Segment Start: Data records
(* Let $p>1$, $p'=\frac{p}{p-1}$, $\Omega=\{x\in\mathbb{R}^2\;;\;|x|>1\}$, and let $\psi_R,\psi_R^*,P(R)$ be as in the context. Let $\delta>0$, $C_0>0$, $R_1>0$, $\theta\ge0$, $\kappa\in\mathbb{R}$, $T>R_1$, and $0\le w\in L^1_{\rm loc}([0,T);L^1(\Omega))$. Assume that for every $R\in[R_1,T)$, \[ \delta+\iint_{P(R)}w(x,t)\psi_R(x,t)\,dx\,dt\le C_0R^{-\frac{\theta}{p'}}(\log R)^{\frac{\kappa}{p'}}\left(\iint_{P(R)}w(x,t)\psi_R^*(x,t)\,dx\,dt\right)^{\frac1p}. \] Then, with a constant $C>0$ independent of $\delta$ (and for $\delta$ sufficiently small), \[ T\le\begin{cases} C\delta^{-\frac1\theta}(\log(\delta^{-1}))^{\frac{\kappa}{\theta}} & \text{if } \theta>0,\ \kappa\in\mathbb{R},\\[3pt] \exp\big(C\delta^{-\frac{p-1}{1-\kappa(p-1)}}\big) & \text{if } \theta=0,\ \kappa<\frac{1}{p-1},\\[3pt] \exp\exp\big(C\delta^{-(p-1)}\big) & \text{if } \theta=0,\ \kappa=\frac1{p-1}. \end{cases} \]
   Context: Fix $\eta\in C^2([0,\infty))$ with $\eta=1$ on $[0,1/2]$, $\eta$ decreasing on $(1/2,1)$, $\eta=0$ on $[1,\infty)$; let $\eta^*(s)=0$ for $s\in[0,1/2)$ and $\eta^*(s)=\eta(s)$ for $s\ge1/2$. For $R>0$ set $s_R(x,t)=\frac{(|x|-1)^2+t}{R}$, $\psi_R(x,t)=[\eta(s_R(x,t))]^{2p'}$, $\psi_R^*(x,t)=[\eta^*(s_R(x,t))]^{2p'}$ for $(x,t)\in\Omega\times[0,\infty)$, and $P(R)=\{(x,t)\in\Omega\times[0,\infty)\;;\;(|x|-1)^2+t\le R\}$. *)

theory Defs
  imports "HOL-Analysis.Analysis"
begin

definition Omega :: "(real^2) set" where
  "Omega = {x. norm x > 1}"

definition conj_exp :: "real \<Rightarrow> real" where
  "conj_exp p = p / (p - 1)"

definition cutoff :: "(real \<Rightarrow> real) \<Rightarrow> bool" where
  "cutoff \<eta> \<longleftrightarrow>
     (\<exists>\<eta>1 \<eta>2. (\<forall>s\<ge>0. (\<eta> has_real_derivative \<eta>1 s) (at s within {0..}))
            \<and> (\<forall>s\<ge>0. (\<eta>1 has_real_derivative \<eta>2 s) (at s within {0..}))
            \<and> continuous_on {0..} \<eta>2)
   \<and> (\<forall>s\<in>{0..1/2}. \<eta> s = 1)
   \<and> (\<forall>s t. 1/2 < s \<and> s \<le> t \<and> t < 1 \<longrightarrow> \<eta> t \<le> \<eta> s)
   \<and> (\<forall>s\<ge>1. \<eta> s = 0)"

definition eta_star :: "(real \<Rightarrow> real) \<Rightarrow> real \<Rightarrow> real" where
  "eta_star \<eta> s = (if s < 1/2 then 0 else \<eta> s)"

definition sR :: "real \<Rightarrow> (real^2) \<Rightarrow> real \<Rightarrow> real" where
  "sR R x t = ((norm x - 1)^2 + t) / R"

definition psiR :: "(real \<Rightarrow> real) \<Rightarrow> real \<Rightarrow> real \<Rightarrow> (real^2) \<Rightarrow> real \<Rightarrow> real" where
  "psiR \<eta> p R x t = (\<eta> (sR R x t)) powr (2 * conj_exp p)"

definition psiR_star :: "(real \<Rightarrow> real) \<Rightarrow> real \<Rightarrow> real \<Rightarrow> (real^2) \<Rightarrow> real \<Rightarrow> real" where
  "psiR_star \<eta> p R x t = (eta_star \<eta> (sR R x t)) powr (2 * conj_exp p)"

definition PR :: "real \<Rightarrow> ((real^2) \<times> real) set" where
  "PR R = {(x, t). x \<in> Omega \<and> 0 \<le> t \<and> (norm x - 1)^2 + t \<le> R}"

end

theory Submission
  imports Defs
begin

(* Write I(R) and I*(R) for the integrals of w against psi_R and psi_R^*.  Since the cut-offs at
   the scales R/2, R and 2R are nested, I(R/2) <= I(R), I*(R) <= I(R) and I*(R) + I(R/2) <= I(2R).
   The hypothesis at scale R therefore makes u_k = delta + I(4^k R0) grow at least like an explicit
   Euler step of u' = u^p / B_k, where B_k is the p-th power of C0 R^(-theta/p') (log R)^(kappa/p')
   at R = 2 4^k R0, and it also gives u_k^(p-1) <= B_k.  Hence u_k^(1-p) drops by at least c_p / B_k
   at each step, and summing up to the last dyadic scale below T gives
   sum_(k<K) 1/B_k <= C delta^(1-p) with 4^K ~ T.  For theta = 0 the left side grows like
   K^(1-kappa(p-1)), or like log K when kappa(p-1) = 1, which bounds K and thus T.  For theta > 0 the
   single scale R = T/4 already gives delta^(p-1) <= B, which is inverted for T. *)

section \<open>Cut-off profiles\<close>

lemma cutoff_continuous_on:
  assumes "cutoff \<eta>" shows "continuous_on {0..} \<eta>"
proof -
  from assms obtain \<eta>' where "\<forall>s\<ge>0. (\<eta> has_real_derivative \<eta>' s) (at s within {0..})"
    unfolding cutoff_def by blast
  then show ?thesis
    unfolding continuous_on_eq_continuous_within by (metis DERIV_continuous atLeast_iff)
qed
Segment End: Data records
Segment Start: Data records
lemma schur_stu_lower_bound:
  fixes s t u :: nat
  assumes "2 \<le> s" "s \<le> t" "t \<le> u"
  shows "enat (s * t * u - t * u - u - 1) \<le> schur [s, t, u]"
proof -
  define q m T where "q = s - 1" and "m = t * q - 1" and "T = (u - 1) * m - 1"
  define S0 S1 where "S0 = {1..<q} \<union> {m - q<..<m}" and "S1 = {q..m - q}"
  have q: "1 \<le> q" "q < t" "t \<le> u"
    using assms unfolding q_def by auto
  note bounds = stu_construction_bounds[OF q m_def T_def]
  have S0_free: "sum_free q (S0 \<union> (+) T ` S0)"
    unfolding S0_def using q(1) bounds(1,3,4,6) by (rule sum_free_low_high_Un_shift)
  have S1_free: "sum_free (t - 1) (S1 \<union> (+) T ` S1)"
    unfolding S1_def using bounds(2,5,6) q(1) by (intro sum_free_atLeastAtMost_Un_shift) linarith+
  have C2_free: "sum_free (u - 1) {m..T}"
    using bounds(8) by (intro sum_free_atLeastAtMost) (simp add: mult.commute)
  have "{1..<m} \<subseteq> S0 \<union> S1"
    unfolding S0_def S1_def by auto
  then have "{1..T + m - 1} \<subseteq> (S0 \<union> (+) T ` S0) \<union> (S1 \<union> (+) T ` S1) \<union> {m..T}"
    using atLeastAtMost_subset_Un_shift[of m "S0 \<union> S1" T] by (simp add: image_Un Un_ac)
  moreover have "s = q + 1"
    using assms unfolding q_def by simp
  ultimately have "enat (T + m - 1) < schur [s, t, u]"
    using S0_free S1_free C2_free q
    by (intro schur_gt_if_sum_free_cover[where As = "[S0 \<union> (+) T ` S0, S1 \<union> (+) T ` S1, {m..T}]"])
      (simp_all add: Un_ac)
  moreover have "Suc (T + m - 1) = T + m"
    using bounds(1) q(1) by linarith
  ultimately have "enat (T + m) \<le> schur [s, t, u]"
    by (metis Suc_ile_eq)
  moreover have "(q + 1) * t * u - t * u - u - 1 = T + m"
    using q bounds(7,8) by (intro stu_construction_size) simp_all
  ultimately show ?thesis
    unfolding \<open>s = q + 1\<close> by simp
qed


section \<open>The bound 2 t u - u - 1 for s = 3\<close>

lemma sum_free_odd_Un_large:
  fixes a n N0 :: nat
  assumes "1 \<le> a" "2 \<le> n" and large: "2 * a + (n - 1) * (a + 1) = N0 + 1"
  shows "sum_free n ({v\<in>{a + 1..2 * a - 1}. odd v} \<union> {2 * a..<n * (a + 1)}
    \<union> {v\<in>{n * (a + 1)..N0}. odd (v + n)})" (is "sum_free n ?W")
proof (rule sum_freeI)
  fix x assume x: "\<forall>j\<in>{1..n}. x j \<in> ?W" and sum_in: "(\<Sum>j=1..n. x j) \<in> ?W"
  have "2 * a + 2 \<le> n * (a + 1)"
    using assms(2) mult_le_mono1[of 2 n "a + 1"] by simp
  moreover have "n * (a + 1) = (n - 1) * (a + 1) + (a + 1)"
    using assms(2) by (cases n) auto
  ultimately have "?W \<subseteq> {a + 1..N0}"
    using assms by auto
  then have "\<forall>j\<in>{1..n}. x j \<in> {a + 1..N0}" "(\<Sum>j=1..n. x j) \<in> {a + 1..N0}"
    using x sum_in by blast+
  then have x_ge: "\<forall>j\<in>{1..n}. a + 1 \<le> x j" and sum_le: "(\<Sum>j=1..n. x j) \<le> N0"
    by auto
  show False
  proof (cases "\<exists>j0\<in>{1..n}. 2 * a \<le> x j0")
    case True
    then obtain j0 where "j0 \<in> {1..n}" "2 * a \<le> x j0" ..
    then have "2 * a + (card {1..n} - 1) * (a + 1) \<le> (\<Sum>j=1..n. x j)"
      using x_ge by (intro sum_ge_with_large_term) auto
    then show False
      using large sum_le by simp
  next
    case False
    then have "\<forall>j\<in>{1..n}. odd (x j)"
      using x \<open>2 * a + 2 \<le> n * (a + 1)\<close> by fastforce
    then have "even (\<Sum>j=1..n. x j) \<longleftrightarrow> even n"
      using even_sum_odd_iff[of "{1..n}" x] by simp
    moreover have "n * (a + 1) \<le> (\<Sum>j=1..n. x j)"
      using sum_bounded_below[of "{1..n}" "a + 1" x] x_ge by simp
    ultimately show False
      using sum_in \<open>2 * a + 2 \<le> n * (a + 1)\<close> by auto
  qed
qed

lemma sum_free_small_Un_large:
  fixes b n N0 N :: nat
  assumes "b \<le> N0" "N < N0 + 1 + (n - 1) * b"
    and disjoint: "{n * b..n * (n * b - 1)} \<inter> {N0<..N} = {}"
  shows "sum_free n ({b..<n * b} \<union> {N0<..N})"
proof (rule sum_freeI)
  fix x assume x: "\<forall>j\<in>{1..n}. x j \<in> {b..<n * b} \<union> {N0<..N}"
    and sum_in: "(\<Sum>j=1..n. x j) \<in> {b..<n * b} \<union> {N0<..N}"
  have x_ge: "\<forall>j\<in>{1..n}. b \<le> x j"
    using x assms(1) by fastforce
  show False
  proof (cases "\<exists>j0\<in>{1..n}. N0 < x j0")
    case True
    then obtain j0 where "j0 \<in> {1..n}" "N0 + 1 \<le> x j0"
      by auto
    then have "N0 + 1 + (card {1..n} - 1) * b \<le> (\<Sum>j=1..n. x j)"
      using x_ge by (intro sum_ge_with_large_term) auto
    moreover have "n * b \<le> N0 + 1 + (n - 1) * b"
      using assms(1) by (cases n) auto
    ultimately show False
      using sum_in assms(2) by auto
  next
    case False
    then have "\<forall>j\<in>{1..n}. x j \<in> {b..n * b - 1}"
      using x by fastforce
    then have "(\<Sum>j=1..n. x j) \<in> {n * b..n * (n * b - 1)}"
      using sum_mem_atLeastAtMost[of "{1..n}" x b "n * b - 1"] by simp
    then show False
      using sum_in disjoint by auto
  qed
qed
Segment End: Data records
Segment Start: Data records
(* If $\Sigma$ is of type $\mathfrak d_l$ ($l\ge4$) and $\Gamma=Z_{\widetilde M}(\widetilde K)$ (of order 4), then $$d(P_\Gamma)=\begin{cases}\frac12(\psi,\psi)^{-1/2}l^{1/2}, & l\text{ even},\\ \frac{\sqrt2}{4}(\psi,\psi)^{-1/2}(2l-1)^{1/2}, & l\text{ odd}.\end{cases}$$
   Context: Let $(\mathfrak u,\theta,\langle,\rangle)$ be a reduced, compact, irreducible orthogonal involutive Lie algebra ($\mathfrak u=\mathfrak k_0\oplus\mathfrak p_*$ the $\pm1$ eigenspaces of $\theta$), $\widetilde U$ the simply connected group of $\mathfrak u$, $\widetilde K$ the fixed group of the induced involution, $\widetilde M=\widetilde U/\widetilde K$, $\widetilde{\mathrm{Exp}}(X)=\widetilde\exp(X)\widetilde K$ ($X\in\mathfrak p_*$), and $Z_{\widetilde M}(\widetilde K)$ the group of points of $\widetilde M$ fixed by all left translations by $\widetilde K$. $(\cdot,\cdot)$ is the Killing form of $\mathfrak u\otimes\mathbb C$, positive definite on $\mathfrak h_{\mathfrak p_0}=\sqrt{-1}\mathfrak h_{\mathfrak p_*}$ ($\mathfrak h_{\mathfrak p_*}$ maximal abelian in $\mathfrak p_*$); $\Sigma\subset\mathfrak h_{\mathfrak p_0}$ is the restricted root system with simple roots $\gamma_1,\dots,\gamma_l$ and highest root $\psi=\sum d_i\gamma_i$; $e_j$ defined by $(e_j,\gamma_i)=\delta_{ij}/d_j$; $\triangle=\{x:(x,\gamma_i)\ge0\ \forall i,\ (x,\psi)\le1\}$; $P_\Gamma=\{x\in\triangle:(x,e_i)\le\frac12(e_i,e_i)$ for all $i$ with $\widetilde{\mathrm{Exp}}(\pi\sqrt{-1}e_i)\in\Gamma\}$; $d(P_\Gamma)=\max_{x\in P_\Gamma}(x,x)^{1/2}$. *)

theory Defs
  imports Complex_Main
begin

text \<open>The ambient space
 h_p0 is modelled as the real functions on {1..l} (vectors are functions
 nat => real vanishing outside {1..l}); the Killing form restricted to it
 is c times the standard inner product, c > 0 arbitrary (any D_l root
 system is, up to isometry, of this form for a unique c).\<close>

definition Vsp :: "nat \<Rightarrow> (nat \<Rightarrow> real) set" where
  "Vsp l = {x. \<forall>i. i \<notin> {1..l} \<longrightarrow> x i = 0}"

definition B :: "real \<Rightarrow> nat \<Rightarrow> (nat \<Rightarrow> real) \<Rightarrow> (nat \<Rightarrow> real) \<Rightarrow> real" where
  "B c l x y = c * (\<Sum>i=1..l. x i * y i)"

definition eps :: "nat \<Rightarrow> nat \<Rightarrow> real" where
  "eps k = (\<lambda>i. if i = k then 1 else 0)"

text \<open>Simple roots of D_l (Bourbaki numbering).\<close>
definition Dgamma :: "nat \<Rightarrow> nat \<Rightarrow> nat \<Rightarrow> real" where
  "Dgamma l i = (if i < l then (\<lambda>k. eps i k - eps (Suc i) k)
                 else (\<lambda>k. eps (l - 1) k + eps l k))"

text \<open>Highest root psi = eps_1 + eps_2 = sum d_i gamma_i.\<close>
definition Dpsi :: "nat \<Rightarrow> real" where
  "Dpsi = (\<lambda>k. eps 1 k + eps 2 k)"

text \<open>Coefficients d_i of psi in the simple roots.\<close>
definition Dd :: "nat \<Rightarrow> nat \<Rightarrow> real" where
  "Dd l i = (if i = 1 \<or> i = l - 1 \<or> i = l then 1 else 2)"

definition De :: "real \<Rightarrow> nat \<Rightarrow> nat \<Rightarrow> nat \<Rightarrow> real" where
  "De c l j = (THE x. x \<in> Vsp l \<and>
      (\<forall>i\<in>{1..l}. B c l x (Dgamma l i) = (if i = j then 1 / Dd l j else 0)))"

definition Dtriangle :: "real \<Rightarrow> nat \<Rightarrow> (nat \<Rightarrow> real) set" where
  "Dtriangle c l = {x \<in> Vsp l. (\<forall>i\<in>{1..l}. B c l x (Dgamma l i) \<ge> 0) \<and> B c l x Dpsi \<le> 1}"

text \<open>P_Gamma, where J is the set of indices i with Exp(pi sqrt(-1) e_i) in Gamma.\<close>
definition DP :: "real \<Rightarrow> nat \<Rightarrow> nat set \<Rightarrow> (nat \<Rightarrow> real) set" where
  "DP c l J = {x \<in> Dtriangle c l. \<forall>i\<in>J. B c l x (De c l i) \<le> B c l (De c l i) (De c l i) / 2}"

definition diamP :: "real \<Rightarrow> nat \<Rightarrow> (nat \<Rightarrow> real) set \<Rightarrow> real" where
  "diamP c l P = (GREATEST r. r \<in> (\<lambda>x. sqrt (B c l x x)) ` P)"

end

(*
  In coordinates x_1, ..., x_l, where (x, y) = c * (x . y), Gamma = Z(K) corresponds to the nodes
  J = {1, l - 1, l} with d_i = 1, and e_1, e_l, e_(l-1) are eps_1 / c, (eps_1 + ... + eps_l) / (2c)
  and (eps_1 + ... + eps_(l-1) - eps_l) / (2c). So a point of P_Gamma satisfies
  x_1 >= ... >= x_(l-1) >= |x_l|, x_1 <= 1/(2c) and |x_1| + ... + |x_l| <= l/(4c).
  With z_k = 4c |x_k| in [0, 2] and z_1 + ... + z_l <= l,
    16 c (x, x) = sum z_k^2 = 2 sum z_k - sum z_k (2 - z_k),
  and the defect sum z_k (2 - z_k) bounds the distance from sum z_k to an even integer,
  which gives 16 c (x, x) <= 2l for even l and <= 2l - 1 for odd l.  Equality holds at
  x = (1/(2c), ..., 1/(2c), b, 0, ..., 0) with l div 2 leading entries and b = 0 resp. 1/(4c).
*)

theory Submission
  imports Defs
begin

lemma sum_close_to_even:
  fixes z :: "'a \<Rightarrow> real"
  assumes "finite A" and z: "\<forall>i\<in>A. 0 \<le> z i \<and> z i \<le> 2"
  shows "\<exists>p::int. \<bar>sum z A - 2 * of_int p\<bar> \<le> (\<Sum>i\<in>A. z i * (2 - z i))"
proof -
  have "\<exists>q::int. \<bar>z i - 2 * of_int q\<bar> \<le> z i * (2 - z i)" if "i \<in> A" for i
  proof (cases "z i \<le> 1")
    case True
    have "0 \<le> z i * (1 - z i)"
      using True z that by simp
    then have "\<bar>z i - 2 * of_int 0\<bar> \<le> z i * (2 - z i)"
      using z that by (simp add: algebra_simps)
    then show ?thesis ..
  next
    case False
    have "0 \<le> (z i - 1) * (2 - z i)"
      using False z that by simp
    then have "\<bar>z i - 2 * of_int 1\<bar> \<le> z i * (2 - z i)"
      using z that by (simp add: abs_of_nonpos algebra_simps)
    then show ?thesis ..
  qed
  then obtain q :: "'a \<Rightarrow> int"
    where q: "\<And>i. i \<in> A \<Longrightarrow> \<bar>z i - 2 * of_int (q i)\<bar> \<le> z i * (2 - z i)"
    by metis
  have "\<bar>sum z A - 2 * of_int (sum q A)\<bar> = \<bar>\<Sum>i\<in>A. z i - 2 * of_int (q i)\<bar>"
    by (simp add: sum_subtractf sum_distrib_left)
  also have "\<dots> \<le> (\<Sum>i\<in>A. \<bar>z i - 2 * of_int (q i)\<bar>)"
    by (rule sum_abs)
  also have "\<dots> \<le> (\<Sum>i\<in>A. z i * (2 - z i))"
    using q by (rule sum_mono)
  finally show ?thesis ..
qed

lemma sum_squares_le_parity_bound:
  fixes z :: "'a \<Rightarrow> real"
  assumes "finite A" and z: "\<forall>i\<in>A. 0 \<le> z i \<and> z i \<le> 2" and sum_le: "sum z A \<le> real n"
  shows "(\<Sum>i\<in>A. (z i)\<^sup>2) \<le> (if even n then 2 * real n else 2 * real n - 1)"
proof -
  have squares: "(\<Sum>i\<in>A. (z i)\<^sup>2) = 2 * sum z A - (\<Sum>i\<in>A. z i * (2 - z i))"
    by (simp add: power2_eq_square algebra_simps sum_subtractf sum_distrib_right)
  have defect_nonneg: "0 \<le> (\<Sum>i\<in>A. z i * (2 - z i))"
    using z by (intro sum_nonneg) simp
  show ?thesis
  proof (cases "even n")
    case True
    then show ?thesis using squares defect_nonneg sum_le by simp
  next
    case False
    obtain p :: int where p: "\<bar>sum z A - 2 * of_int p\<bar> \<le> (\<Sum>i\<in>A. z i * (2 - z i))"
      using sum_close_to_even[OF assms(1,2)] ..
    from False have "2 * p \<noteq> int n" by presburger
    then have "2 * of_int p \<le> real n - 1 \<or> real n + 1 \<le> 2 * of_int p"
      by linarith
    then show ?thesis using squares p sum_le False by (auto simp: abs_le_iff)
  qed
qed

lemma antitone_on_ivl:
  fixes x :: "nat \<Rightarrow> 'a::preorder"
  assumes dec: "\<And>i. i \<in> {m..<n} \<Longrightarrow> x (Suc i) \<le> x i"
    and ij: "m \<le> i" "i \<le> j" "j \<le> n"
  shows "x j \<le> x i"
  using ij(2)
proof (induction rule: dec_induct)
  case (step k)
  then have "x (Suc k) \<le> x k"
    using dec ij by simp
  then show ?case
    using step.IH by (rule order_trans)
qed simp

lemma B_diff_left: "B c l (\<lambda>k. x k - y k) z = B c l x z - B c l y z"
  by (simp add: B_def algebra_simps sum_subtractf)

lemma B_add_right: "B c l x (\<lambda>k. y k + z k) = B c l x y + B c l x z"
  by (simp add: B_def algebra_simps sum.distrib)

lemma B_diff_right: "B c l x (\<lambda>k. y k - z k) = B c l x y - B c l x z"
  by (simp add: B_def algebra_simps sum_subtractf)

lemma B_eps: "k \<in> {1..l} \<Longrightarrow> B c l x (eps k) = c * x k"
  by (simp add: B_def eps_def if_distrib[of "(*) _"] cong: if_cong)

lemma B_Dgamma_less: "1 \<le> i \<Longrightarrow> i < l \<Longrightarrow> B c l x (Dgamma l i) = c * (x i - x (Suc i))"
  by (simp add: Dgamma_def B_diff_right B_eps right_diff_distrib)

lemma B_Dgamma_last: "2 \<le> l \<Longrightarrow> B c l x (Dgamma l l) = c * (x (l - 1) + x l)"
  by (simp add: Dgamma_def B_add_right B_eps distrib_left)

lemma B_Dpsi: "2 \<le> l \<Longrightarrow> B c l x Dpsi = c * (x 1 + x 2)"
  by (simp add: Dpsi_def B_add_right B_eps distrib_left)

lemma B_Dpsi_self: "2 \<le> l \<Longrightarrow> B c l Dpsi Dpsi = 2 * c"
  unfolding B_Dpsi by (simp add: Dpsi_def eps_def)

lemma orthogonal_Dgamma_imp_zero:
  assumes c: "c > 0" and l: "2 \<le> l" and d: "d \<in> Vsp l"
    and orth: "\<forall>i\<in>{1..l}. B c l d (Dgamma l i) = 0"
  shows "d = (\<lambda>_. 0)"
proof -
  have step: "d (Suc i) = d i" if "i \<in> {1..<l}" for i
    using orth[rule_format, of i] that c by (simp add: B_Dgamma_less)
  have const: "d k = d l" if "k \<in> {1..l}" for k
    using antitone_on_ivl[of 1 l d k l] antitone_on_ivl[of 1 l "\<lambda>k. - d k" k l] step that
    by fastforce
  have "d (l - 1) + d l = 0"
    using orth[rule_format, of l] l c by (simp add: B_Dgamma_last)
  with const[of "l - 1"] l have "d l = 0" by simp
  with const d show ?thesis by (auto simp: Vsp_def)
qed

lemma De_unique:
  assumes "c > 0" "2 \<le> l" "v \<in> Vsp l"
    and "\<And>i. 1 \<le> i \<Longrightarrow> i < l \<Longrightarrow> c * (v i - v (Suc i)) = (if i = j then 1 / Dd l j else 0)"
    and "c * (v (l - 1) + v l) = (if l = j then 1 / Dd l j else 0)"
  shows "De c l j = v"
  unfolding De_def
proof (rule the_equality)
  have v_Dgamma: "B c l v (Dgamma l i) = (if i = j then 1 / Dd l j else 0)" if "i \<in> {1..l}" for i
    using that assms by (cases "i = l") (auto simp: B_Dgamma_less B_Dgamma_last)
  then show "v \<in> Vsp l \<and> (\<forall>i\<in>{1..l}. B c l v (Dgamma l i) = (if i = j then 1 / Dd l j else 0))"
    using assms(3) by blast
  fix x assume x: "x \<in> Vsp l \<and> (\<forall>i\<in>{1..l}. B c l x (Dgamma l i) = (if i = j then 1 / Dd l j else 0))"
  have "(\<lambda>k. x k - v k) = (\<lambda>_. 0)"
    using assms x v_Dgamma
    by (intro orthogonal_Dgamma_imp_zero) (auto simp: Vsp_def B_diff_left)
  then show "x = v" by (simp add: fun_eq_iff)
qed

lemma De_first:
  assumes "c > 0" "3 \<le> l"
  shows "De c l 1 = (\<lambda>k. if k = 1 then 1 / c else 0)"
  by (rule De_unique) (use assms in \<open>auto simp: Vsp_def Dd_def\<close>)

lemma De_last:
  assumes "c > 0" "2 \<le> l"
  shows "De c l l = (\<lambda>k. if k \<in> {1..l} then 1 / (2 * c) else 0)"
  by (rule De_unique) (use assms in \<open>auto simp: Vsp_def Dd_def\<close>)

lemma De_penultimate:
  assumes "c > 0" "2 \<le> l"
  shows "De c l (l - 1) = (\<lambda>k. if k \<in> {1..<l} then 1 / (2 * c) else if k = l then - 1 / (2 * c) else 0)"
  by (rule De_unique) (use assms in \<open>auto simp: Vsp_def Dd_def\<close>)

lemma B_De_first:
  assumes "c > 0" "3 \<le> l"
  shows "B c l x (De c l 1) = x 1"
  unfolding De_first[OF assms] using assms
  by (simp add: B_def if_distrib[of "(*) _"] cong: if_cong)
Segment End: Data records
Start with the line above that contains "c l (\<lambda>k." and end with the line that contains "(Dgamma l l)". Write out those lines exactly, and only those.

lemma B_diff_left: "B c l (\<lambda>k. x k - y k) z = B c l x z - B c l y z"
  by (simp add: B_def algebra_simps sum_subtractf)

lemma B_add_right: "B c l x (\<lambda>k. y k + z k) = B c l x y + B c l x z"
  by (simp add: B_def algebra_simps sum.distrib)

lemma B_diff_right: "B c l x (\<lambda>k. y k - z k) = B c l x y - B c l x z"
  by (simp add: B_def algebra_simps sum_subtractf)

lemma B_eps: "k \<in> {1..l} \<Longrightarrow> B c l x (eps k) = c * x k"
  by (simp add: B_def eps_def if_distrib[of "(*) _"] cong: if_cong)

lemma B_Dgamma_less: "1 \<le> i \<Longrightarrow> i < l \<Longrightarrow> B c l x (Dgamma l i) = c * (x i - x (Suc i))"
  by (simp add: Dgamma_def B_diff_right B_eps right_diff_distrib)

lemma B_Dgamma_last: "2 \<le> l \<Longrightarrow> B c l x (Dgamma l l) = c * (x (l - 1) + x l)"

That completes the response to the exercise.